§ **Saved data entries**:
* * * * * * * * *

(* In the setting of the context, there exists an integer $\ell_0\le 6nd$ such that the following holds. If $\bm f'\in Y^{M,d}$ satisfies $L(\bm f')(\zeta)=0$ for all $\zeta\in b\Delta$ and $\frac{\partial^j\bm f'}{\partial\zeta^j}(1)=0$ for $j=0,1,\dots,\ell_0$, then $\bm f'=0$. In other words, the map $\bm f'\mapsto(\bm f'(1),\partial\bm f'(1),\dots,\partial^{\ell_0}\bm f'(1))\in\mathbb C^{(2n+2)(\ell_0+1)}$ is injective on $\ker L$.
   Context: Setting: $\Delta$ is the unit disc and $b\Delta$ the unit circle. $M=(m_1,\dots,m_n)$ is a vector of positive even integers, and $M\cdot J=\sum m_ij_i$. $P:\mathbb C^n\to\mathbb R$ is a real polynomial with $P(t^{m_1}z_1,\dots,t^{m_n}z_n,t^{m_1}\bar z_1,\dots)=t^dP(z,\bar z)$ for real $t$, with $d$ even. Write $P=\sum_{M\cdot J+M\cdot K=d}\alpha_{JK}z^J\bar z^K$, with $P\not\equiv0$ and $\alpha_{JK}=0$ if $J=0$ or $K=0$. $k_0$ is the largest $k$ with $d/2\le k\le d-1$ such that $\alpha_{JK}\ne0$ for some $M\cdot K=k$. Admissible vector: $h^v(\zeta)=((1-\zeta)^{m_1}v_1,\dots,(1-\zeta)^{m_n}v_n)$ and $Q^v_{i\bar j}(\zeta)=\zeta^{k_0}P_{z_i\bar z_j}(v,((-1/\zeta)^{m_l}\bar v_l)_l)$, a holomorphic polynomial (with $z,\bar z$ independent variables in $P_{z_i\bar z_j}$). Let $Q^v=\det(Q^v_{i\bar j})$. The vector $v$ is admissible if there is $g^v$, continuous on $\overline\Delta$ and holomorphic on $\Delta$, with $(h^v,g^v)(b\Delta)\subset S_P=\{\mathrm{Re}\,w=P\}$, $(h^v,g^v)(\Delta)\not\subset S_P$, and $Q^v\ne0$ on $b\Delta$. Fix such $v$ with $g^v(1)=0$. Function spaces: fix $k\ge1$ and $0<\alpha<1$. $\mathcal A^{k,\alpha}$ is the space of $C^{k,\alpha}$ complex functions on $b\Delta$ that extend holomorphically to $\Delta$ (continuous on $\overline\Delta$). $\mathcal A^{k,\alpha}_{0^m}=\{(1-\zeta)^mf:f\in\mathcal A^{k,\alpha}\}$. Define $$Y^{M,d}=\prod_{i=1}^n\mathcal A^{k,\alpha}_{0^{m_i}}\times\mathcal A^{k,\alpha}_{0^1}\times\prod_{i=1}^n\mathcal A^{k,\alpha}_{0^{d-m_i}}\times\mathcal A^{k,\alpha},$$ with elements written $\bm f=(z,w,\tilde z,\tilde w)$-components $(h,g,\tilde h,\tilde g)$. Initial disc: $\bm f^0=(h^v,g^v,\tilde h^0,-\zeta^{k_0}/2)$, where $\tilde h^0$ is the holomorphic extension of $\zeta^{k_0}P_z(h^v,\overline{h^v})$. For $\zeta\in b\Delta$, define the real functions $\tilde\rho(\zeta)=(\tilde\rho_1,\dots,\tilde\rho_{2n+2})$ of $(z,w,\tilde z,\tilde w)\in\mathbb C^{2n+2}$ by: - $\tilde\rho_1=-\mathrm{Re}\,w+P(z,\bar z)$; - $\tilde\rho_{2i}=2\,\mathrm{Re}\big(\tilde z_i+2\tilde wP_{z_i}(z,\bar z)\big)$ and $\tilde\rho_{2i+1}=-2\,\mathrm{Im}\big(\tilde z_i+2\tilde wP_{z_i}(z,\bar z)\big)$ for $i=1,\dots,n$; - $\tilde\rho_{2n+2}=i(\zeta^{-k_0}\tilde w-\zeta^{k_0}\overline{\tilde w})$. These are defining equations of $\{(z,w,\tilde z,\tilde w):(z,w)\in S_P,(\tilde z,\tilde w)\in\zeta^{k_0}(\mathbb R\setminus\{0\})(P_z,-1/2)\}$. The linear operator $L$ on $Y^{M,d}$ is the linearization at $\bm f^0$ of $\bm f\mapsto\tilde\rho(\bm f)$: $$L(\bm f')(\zeta)=\frac{d}{dt}\Big|_{t=0}\tilde\rho(\zeta)\big(\bm f^0(\zeta)+t\bm f'(\zeta)\big),\qquad\zeta\in b\Delta.$$ Equivalently, $L(\bm f')=2\,\mathrm{Re}[\overline{G(\zeta)}\bm f']$ with $G=(\tilde\rho_{\bar z},\tilde\rho_{\bar w},\tilde\rho_{\bar{\tilde z}},\tilde\rho_{\bar{\tilde w}})(\bm f^0)$. *)

theory Defs
  imports "HOL-Analysis.Analysis"
begin

text \<open>Multi-indices are functions 'n => nat on a finite coordinate type 'n (n = CARD('n)).\<close>

definition Mdot :: "('n::finite \<Rightarrow> nat) \<Rightarrow> ('n \<Rightarrow> nat) \<Rightarrow> nat" where
  "Mdot M J = (\<Sum>i\<in>UNIV. M i * J i)"

definition idx :: "('n::finite \<Rightarrow> nat) \<Rightarrow> nat \<Rightarrow> (('n \<Rightarrow> nat) \<times> ('n \<Rightarrow> nat)) set" where
  "idx M d = {(J, K). Mdot M J + Mdot M K = d}"

definition mono :: "('n::finite \<Rightarrow> nat) \<Rightarrow> ('n \<Rightarrow> complex) \<Rightarrow> complex" where
  "mono J z = (\<Prod>l\<in>UNIV. z l ^ J l)"

definition dmono :: "('n::finite \<Rightarrow> nat) \<Rightarrow> 'n \<Rightarrow> ('n \<Rightarrow> complex) \<Rightarrow> complex" where
  "dmono J i z = of_nat (J i) * (\<Prod>l\<in>UNIV. z l ^ (if l = i then J l - 1 else J l))"

text \<open>Complexified polynomial P(z,w) = sum alpha_JK z^J w^K, with z, w independent;
  the real polynomial is P(z, conj z).\<close>
definition Ppoly :: "('n::finite \<Rightarrow> nat) \<Rightarrow> nat \<Rightarrow> (('n \<Rightarrow> nat) \<Rightarrow> ('n \<Rightarrow> nat) \<Rightarrow> complex)
    \<Rightarrow> ('n \<Rightarrow> complex) \<Rightarrow> ('n \<Rightarrow> complex) \<Rightarrow> complex" where
  "Ppoly M d \<alpha> z w = (\<Sum>(J, K)\<in>idx M d. \<alpha> J K * mono J z * mono K w)"

definition Pz :: "('n::finite \<Rightarrow> nat) \<Rightarrow> nat \<Rightarrow> (('n \<Rightarrow> nat) \<Rightarrow> ('n \<Rightarrow> nat) \<Rightarrow> complex)
    \<Rightarrow> 'n \<Rightarrow> ('n \<Rightarrow> complex) \<Rightarrow> ('n \<Rightarrow> complex) \<Rightarrow> complex" where
  "Pz M d \<alpha> i z w = (\<Sum>(J, K)\<in>idx M d. \<alpha> J K * dmono J i z * mono K w)"

definition Pzw :: "('n::finite \<Rightarrow> nat) \<Rightarrow> nat \<Rightarrow> (('n \<Rightarrow> nat) \<Rightarrow> ('n \<Rightarrow> nat) \<Rightarrow> complex)
    \<Rightarrow> 'n \<Rightarrow> 'n \<Rightarrow> ('n \<Rightarrow> complex) \<Rightarrow> ('n \<Rightarrow> complex) \<Rightarrow> complex" where
  "Pzw M d \<alpha> i j z w = (\<Sum>(J, K)\<in>idx M d. \<alpha> J K * dmono J i z * dmono K j w)"

text \<open>Real polynomial P(z, zbar) (real-valued by hypothesis; Re is then harmless).\<close>
definition Preal :: "('n::finite \<Rightarrow> nat) \<Rightarrow> nat \<Rightarrow> (('n \<Rightarrow> nat) \<Rightarrow> ('n \<Rightarrow> nat) \<Rightarrow> complex)
    \<Rightarrow> ('n \<Rightarrow> complex) \<Rightarrow> real" where
  "Preal M d \<alpha> z = Re (Ppoly M d \<alpha> z (\<lambda>l. cnj (z l)))"

definition kzero :: "('n::finite \<Rightarrow> nat) \<Rightarrow> nat \<Rightarrow> (('n \<Rightarrow> nat) \<Rightarrow> ('n \<Rightarrow> nat) \<Rightarrow> complex) \<Rightarrow> nat" where
  "kzero M d \<alpha> = (GREATEST k. d div 2 \<le> k \<and> k \<le> d - 1 \<and> (\<exists>J K. \<alpha> J K \<noteq> 0 \<and> Mdot M K = k))"

definition hv :: "('n::finite \<Rightarrow> nat) \<Rightarrow> ('n \<Rightarrow> complex) \<Rightarrow> complex \<Rightarrow> ('n \<Rightarrow> complex)" where
  "hv M v \<zeta> = (\<lambda>i. (1 - \<zeta>) ^ M i * v i)"

definition Qv_entry :: "('n::finite \<Rightarrow> nat) \<Rightarrow> nat \<Rightarrow> (('n \<Rightarrow> nat) \<Rightarrow> ('n \<Rightarrow> nat) \<Rightarrow> complex)
    \<Rightarrow> ('n \<Rightarrow> complex) \<Rightarrow> 'n \<Rightarrow> 'n \<Rightarrow> complex \<Rightarrow> complex" where
  "Qv_entry M d \<alpha> v i j \<zeta> =
     \<zeta> ^ kzero M d \<alpha> * Pzw M d \<alpha> i j v (\<lambda>l. (- 1 / \<zeta>) ^ M l * cnj (v l))"

definition Qv :: "('n::finite \<Rightarrow> nat) \<Rightarrow> nat \<Rightarrow> (('n \<Rightarrow> nat) \<Rightarrow> ('n \<Rightarrow> nat) \<Rightarrow> complex)
    \<Rightarrow> ('n \<Rightarrow> complex) \<Rightarrow> complex \<Rightarrow> complex" where
  "Qv M d \<alpha> v \<zeta> = det (\<chi> i j. Qv_entry M d \<alpha> v i j \<zeta> :: complex ^ 'n ^ 'n)"

definition admissible_pair :: "('n::finite \<Rightarrow> nat) \<Rightarrow> nat \<Rightarrow> (('n \<Rightarrow> nat) \<Rightarrow> ('n \<Rightarrow> nat) \<Rightarrow> complex)
    \<Rightarrow> ('n \<Rightarrow> complex) \<Rightarrow> (complex \<Rightarrow> complex) \<Rightarrow> bool" where
  "admissible_pair M d \<alpha> v g \<longleftrightarrow>
     continuous_on (cball 0 1) g \<and> g holomorphic_on ball 0 1 \<and>
     (\<forall>\<zeta>\<in>sphere 0 1. Re (g \<zeta>) = Preal M d \<alpha> (hv M v \<zeta>)) \<and>
     (\<exists>\<zeta>\<in>ball 0 1. Re (g \<zeta>) \<noteq> Preal M d \<alpha> (hv M v \<zeta>)) \<and>
     (\<forall>\<zeta>\<in>sphere 0 1. Qv M d \<alpha> v \<zeta> \<noteq> 0)"

definition Cka_circle :: "nat \<Rightarrow> real \<Rightarrow> (complex \<Rightarrow> complex) \<Rightarrow> bool" where
  "Cka_circle k a f \<longleftrightarrow>
     (\<exists>D :: nat \<Rightarrow> real \<Rightarrow> complex.
        (\<forall>\<theta>. D 0 \<theta> = f (cis \<theta>)) \<and>
        (\<forall>i<k. \<forall>\<theta>. (D i has_vector_derivative D (Suc i) \<theta>) (at \<theta>)) \<and>
        (\<exists>C. \<forall>s t. norm (D k s - D k t) \<le> C * \<bar>s - t\<bar> powr a))"

definition A_space :: "nat \<Rightarrow> real \<Rightarrow> (complex \<Rightarrow> complex) set" where
  "A_space k a = {f. continuous_on (cball 0 1) f \<and> f holomorphic_on ball 0 1 \<and> Cka_circle k a f}"

definition A0_space :: "nat \<Rightarrow> real \<Rightarrow> nat \<Rightarrow> (complex \<Rightarrow> complex) set" where
  "A0_space k a m = {F. \<exists>f\<in>A_space k a. \<forall>\<zeta>\<in>cball 0 1. F \<zeta> = (1 - \<zeta>) ^ m * f \<zeta>}"

type_synonym 'n disc4 =
  "('n \<Rightarrow> complex \<Rightarrow> complex) \<times> (complex \<Rightarrow> complex) \<times> ('n \<Rightarrow> complex \<Rightarrow> complex) \<times> (complex \<Rightarrow> complex)"

definition Y_space :: "nat \<Rightarrow> real \<Rightarrow> ('n::finite \<Rightarrow> nat) \<Rightarrow> nat \<Rightarrow> 'n disc4 set" where
  "Y_space k a M d = {(h, g, ht, gt).
      (\<forall>i. h i \<in> A0_space k a (M i)) \<and> g \<in> A0_space k a 1 \<and>
      (\<forall>i. ht i \<in> A0_space k a (d - M i)) \<and> gt \<in> A_space k a}"

type_synonym 'n pt4 = "('n \<Rightarrow> complex) \<times> complex \<times> ('n \<Rightarrow> complex) \<times> complex"

definition rho1 :: "('n::finite \<Rightarrow> nat) \<Rightarrow> nat \<Rightarrow> (('n \<Rightarrow> nat) \<Rightarrow> ('n \<Rightarrow> nat) \<Rightarrow> complex) \<Rightarrow> 'n pt4 \<Rightarrow> real" where
  "rho1 M d \<alpha> p = (case p of (z, w, zt, wt) \<Rightarrow> - Re w + Preal M d \<alpha> z)"

definition rhoRe :: "('n::finite \<Rightarrow> nat) \<Rightarrow> nat \<Rightarrow> (('n \<Rightarrow> nat) \<Rightarrow> ('n \<Rightarrow> nat) \<Rightarrow> complex) \<Rightarrow> 'n \<Rightarrow> 'n pt4 \<Rightarrow> real" where
  "rhoRe M d \<alpha> i p = (case p of (z, w, zt, wt) \<Rightarrow>
      2 * Re (zt i + 2 * wt * Pz M d \<alpha> i z (\<lambda>l. cnj (z l))))"

definition rhoIm :: "('n::finite \<Rightarrow> nat) \<Rightarrow> nat \<Rightarrow> (('n \<Rightarrow> nat) \<Rightarrow> ('n \<Rightarrow> nat) \<Rightarrow> complex) \<Rightarrow> 'n \<Rightarrow> 'n pt4 \<Rightarrow> real" where
  "rhoIm M d \<alpha> i p = (case p of (z, w, zt, wt) \<Rightarrow>
      - 2 * Im (zt i + 2 * wt * Pz M d \<alpha> i z (\<lambda>l. cnj (z l))))"

text \<open>i (zeta^{-k0} w~ - zeta^{k0} conj w~), which is real; we take its real part.\<close>
definition rhoLast :: "nat \<Rightarrow> complex \<Rightarrow> 'n pt4 \<Rightarrow> real" where
  "rhoLast k0 \<zeta> p = (case p of (z, w, zt, wt) \<Rightarrow>
      Re (\<i> * (inverse \<zeta> ^ k0 * wt - \<zeta> ^ k0 * cnj wt)))"

text \<open>The initial disc f^0 evaluated on the circle (h~^0 agrees there with
  zeta^{k0} P_z(h^v, conj h^v), and only boundary values enter L).\<close>
definition f0_pt :: "('n::finite \<Rightarrow> nat) \<Rightarrow> nat \<Rightarrow> (('n \<Rightarrow> nat) \<Rightarrow> ('n \<Rightarrow> nat) \<Rightarrow> complex)
    \<Rightarrow> ('n \<Rightarrow> complex) \<Rightarrow> (complex \<Rightarrow> complex) \<Rightarrow> complex \<Rightarrow> 'n pt4" where
  "f0_pt M d \<alpha> v g \<zeta> =
     (hv M v \<zeta>, g \<zeta>,
      (\<lambda>i. \<zeta> ^ kzero M d \<alpha> * Pz M d \<alpha> i (hv M v \<zeta>) (\<lambda>l. cnj (hv M v \<zeta> l))),
      - (\<zeta> ^ kzero M d \<alpha>) / 2)"

definition line_pt :: "'n pt4 \<Rightarrow> 'n disc4 \<Rightarrow> complex \<Rightarrow> real \<Rightarrow> 'n pt4" where
  "line_pt p F \<zeta> t = (case p of (z, w, zt, wt) \<Rightarrow> case F of (h, g, ht, gt) \<Rightarrow>
      ((\<lambda>i. z i + of_real t * h i \<zeta>), w + of_real t * g \<zeta>,
       (\<lambda>i. zt i + of_real t * ht i \<zeta>), wt + of_real t * gt \<zeta>))"

definition L_vanishes_at :: "('n::finite \<Rightarrow> nat) \<Rightarrow> nat \<Rightarrow> (('n \<Rightarrow> nat) \<Rightarrow> ('n \<Rightarrow> nat) \<Rightarrow> complex)
    \<Rightarrow> ('n \<Rightarrow> complex) \<Rightarrow> (complex \<Rightarrow> complex) \<Rightarrow> 'n disc4 \<Rightarrow> complex \<Rightarrow> bool" where
  "L_vanishes_at M d \<alpha> v g F \<zeta> \<longleftrightarrow>
     (let p = f0_pt M d \<alpha> v g \<zeta> in
       ((\<lambda>t. rho1 M d \<alpha> (line_pt p F \<zeta> t)) has_real_derivative 0) (at 0) \<and>
       (\<forall>i. ((\<lambda>t. rhoRe M d \<alpha> i (line_pt p F \<zeta> t)) has_real_derivative 0) (at 0)) \<and>
       (\<forall>i. ((\<lambda>t. rhoIm M d \<alpha> i (line_pt p F \<zeta> t)) has_real_derivative 0) (at 0)) \<and>
       ((\<lambda>t. rhoLast (kzero M d \<alpha>) \<zeta> (line_pt p F \<zeta> t)) has_real_derivative 0) (at 0))"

* * * * * * * * *

§ **How to complete this task**: Starting at the line that contains "ht, gt) \<Rightarrow>" and stopping after the line that contains "((\<lambda>t. rho1 M", write out every line exactly as it appears above, and no other line.

§ **Written solution**:
  "line_pt p F \<zeta> t = (case p of (z, w, zt, wt) \<Rightarrow> case F of (h, g, ht, gt) \<Rightarrow>
      ((\<lambda>i. z i + of_real t * h i \<zeta>), w + of_real t * g \<zeta>,
       (\<lambda>i. zt i + of_real t * ht i \<zeta>), wt + of_real t * gt \<zeta>))"

definition L_vanishes_at :: "('n::finite \<Rightarrow> nat) \<Rightarrow> nat \<Rightarrow> (('n \<Rightarrow> nat) \<Rightarrow> ('n \<Rightarrow> nat) \<Rightarrow> complex)
    \<Rightarrow> ('n \<Rightarrow> complex) \<Rightarrow> (complex \<Rightarrow> complex) \<Rightarrow> 'n disc4 \<Rightarrow> complex \<Rightarrow> bool" where
  "L_vanishes_at M d \<alpha> v g F \<zeta> \<longleftrightarrow>
     (let p = f0_pt M d \<alpha> v g \<zeta> in
       ((\<lambda>t. rho1 M d \<alpha> (line_pt p F \<zeta> t)) has_real_derivative 0) (at 0) \<and>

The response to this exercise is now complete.